Section 4. Certain Restrictions. 

(A) Whenever Preferential Dividends have not been paid through the most recent Quarterly Payment Date, thereafter and until all such
unpaid Preferential Dividends on Series B Preferred Shares outstanding shall have been paid in full or set aside for payment on the date declared for payment, and in addition to any and all other rights which any holder of Series B Preferred Shares
may have in such circumstances, the Company shall not: 
 (i) declare or pay dividends on, make any other
distributions on, or redeem or purchase or otherwise acquire for consideration, any shares ranking junior (either as to dividends or upon liquidation, dissolution or winding up) to the Series B Preferred Shares; 

(ii) declare or pay dividends on or make any other distributions on any Parity Shares, other than in accordance with
paragraph 2(A) of Section 2; 
 (iii) except as permitted by subparagraph (iv) of this
paragraph 4(A), redeem or purchase or otherwise acquire for consideration any shares ranking on a parity (either as to dividends or upon liquidation, dissolution or winding up) with the Series B Preferred Shares, provided, however, that
the Company may at any time redeem, purchase or otherwise acquire shares of any such parity shares in exchange for any shares of the Company ranking junior (both as to dividends and upon liquidation, dissolution or winding up) to the Series B
Preferred Shares; or 
 (iv) purchase or otherwise acquire for consideration any Series B Preferred Shares, or
any shares ranking on a parity with the Series B Preferred Shares (either as to dividends or upon liquidation, dissolution or winding up), except in accordance with a purchase offer made to all holders of such shares upon such terms as the Board of
Directors, after consideration of the respective annual dividend rates and other relative rights and preferences of the respective series and classes, shall determine in good faith will result in fair and equitable treatment among the respective
series or classes. 
 (B) The Company shall not permit any Subsidiary (as hereinafter defined) of the Company to purchase or
otherwise acquire for consideration any shares of the Company unless the Company could, under paragraph (A) of this Section 4, purchase or otherwise acquire such shares at such time and in such manner. A “Subsidiary” of the
Company shall mean any corporation or other entity of which securities or other ownership interests having ordinary 

 

 3 

 
voting power sufficient to elect a majority of the Board of Directors or other persons performing similar functions are beneficially owned, directly or indirectly, by the Company or by any
corporation or other entity that is otherwise controlled by the Company. 
 (C) While any Series B Preferred Shares remain
issued and outstanding, the Company shall not issue any series of Preference Shares with rights and privileges senior to or greater than those of the Series B Preferred Shares. 

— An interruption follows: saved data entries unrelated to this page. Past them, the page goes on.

section \<open>Infeasibility of the shadow inequalities\<close>

text \<open>In each of the four cases below a nonnegative combination of the inequalities
  \<open>A\<^sub>k\<^sub>+\<^sub>2, A\<^sub>k\<^sub>+\<^sub>3 (, A\<^sub>k\<^sub>+\<^sub>4) \<ge> 0\<close> cancels the unknown purity sums; the multipliers are
  read off from that requirement, and what is left is negative for large \<open>k\<close>.\<close>
lemma even_defect1_infeasible:
  fixes N K R c1 c2 w1 w2 w3 :: real
  assumes A2: "0 \<le> c1 * (K + 1) - (N - K - 1) * w1 + w2"
    and A3: "0 \<le> - c2 * ((K + 2) * (K + 1) / 2) + (N - K - 1) * (N - K - 2) / 2 * w1
               - (N - K - 2) * w2 + w3"
    and N: "N = 2 * K + 2" and w2: "w2 = R\<^sup>2 * c1" and w3: "w3 = R ^ 4 * c2"
    and ratio: "c2 * (K + 3) = c1 * (N - K - 2)"
    and "0 < c1" "0 < K" "2 \<le> R" "2 * R\<^sup>2 < K + 1"
  shows False
proof -
  define Q where "Q = R\<^sup>2"
  have "4 \<le> Q" unfolding Q_def using power_mono[OF \<open>2 \<le> R\<close>, of 2] by simp
  have E1: "0 \<le> c1 * (K + 1) - (K + 1) * w1 + Q * c1"
    using A2 unfolding N w2 Q_def by (simp add: algebra_simps)
  have E2: "0 \<le> - c2 * ((K + 2) * (K + 1) / 2) + (K + 1) * K / 2 * w1 - K * (Q * c1) + Q\<^sup>2 * c2"
    using A3 unfolding N w2 w3 Q_def by (simp add: field_simps flip: power_mult)
  have "0 \<le> (K + 3) * (K / 2 * (c1 * (K + 1) - (K + 1) * w1 + Q * c1)
      + (- c2 * ((K + 2) * (K + 1) / 2) + (K + 1) * K / 2 * w1 - K * (Q * c1) + Q\<^sup>2 * c2))"
    using E1 E2 \<open>0 < K\<close> by simp
  also have "\<dots> = K * c1 * (Q - 1) * (2 * Q - K - 1) / 2
      + (c2 * (K + 3) - c1 * K) * (Q\<^sup>2 - (K + 2) * (K + 1) / 2)"
    by (simp add: field_simps power2_eq_square)
  also have "\<dots> < 0"
    using ratio \<open>0 < c1\<close> \<open>0 < K\<close> \<open>4 \<le> Q\<close> \<open>2 * R\<^sup>2 < K + 1\<close>
    unfolding N Q_def by (simp add: mult_pos_neg)
  finally show False by simp
qed

lemma odd_defect1_infeasible:
  fixes N K R c1 c2 w1 w2 w3 :: real
  assumes A2: "0 \<le> c1 * (K + 1) - (N - K - 1) * w1 + w2"
    and A3: "0 \<le> - c2 * ((K + 2) * (K + 1) / 2) + (N - K - 1) * (N - K - 2) / 2 * w1
               - (N - K - 2) * w2 + w3"
    and N: "N = 2 * K + 3" and w2: "w2 = R * w1" and w3: "w3 = R ^ 3 * c2"
    and ratio: "c2 * (K + 3) = c1 * (N - K - 2)"
    and "0 < c1" "2 \<le> R" "2 * R\<^sup>2 + 2 * R < K + 1"
  shows False
proof -
  define M where "M = K + 1"
  have M: "2 * R\<^sup>2 + 2 * R < M" and "2 * R < M"
    using \<open>2 * R\<^sup>2 + 2 * R < K + 1\<close> zero_le_power2[of R] \<open>2 \<le> R\<close> unfolding M_def by linarith+
  have E1: "0 \<le> c1 * M - (M + 1) * w1 + R * w1"
    using A2 unfolding N w2 M_def by (simp add: algebra_simps)
  have E2: "0 \<le> - c2 * ((M + 1) * M / 2) + (M + 1) * M / 2 * w1 - M * (R * w1) + R ^ 3 * c2"
    using A3 unfolding N w2 w3 M_def by (simp add: field_simps)
  define u where "u = M + 1 - R"
  define v where "v = M * ((M + 1) / 2 - R)"
  have "0 < u" unfolding u_def using \<open>2 * R < M\<close> \<open>2 \<le> R\<close> by simp
  have "0 < v"
    unfolding v_def using \<open>2 * R < M\<close> \<open>2 \<le> R\<close> by (intro mult_pos_pos) (simp_all add: field_simps)
  have "0 \<le> (M + 2) * (v * (c1 * M - (M + 1) * w1 + R * w1)
      + u * (- c2 * ((M + 1) * M / 2) + (M + 1) * M / 2 * w1 - M * (R * w1) + R ^ 3 * c2))"
    by (rule mult_nonneg_nonneg[OF _ add_nonneg_nonneg[OF mult_nonneg_nonneg[OF _ E1] mult_nonneg_nonneg[OF _ E2]]])
      (use \<open>0 < u\<close> \<open>0 < v\<close> \<open>2 * R < M\<close> \<open>2 \<le> R\<close> in simp_all)
  also have "\<dots> = - (M * c1 * (R - 1) * (M * (M - (2 * R\<^sup>2 + 2 * R - 1)) + 2 * R ^ 3)) / 2
      + (c2 * (M + 2) - c1 * M) * u * (R ^ 3 - (M + 1) * M / 2)"
    unfolding u_def v_def by (simp add: field_simps power2_eq_square power3_eq_cube)
  also have "\<dots> < 0"
  proof -
    have "0 < M * c1 * (R - 1) * (M * (M - (2 * R\<^sup>2 + 2 * R - 1)) + 2 * R ^ 3)"
      using M \<open>2 * R < M\<close> \<open>0 < c1\<close> \<open>2 \<le> R\<close> by (intro mult_pos_pos add_pos_pos) simp_all
    moreover have "c2 * (M + 2) = c1 * M" using ratio unfolding N M_def by (simp add: algebra_simps)
    ultimately show ?thesis by simp
  qed
  finally show False by simp
qed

Section 5. Reacquired Shares. Any Series B Preferred Shares purchased or otherwise acquired by the Company in any manner
whatsoever shall be retired and canceled promptly after the acquisition thereof. All such shares upon their retirement and cancellation shall become authorized but unissued Preference Shares, without designation as to series, and such shares may be
reissued as part of a new series of Preference Shares to be created by resolution or resolutions of the Board of Directors in accordance with the Bye-laws. 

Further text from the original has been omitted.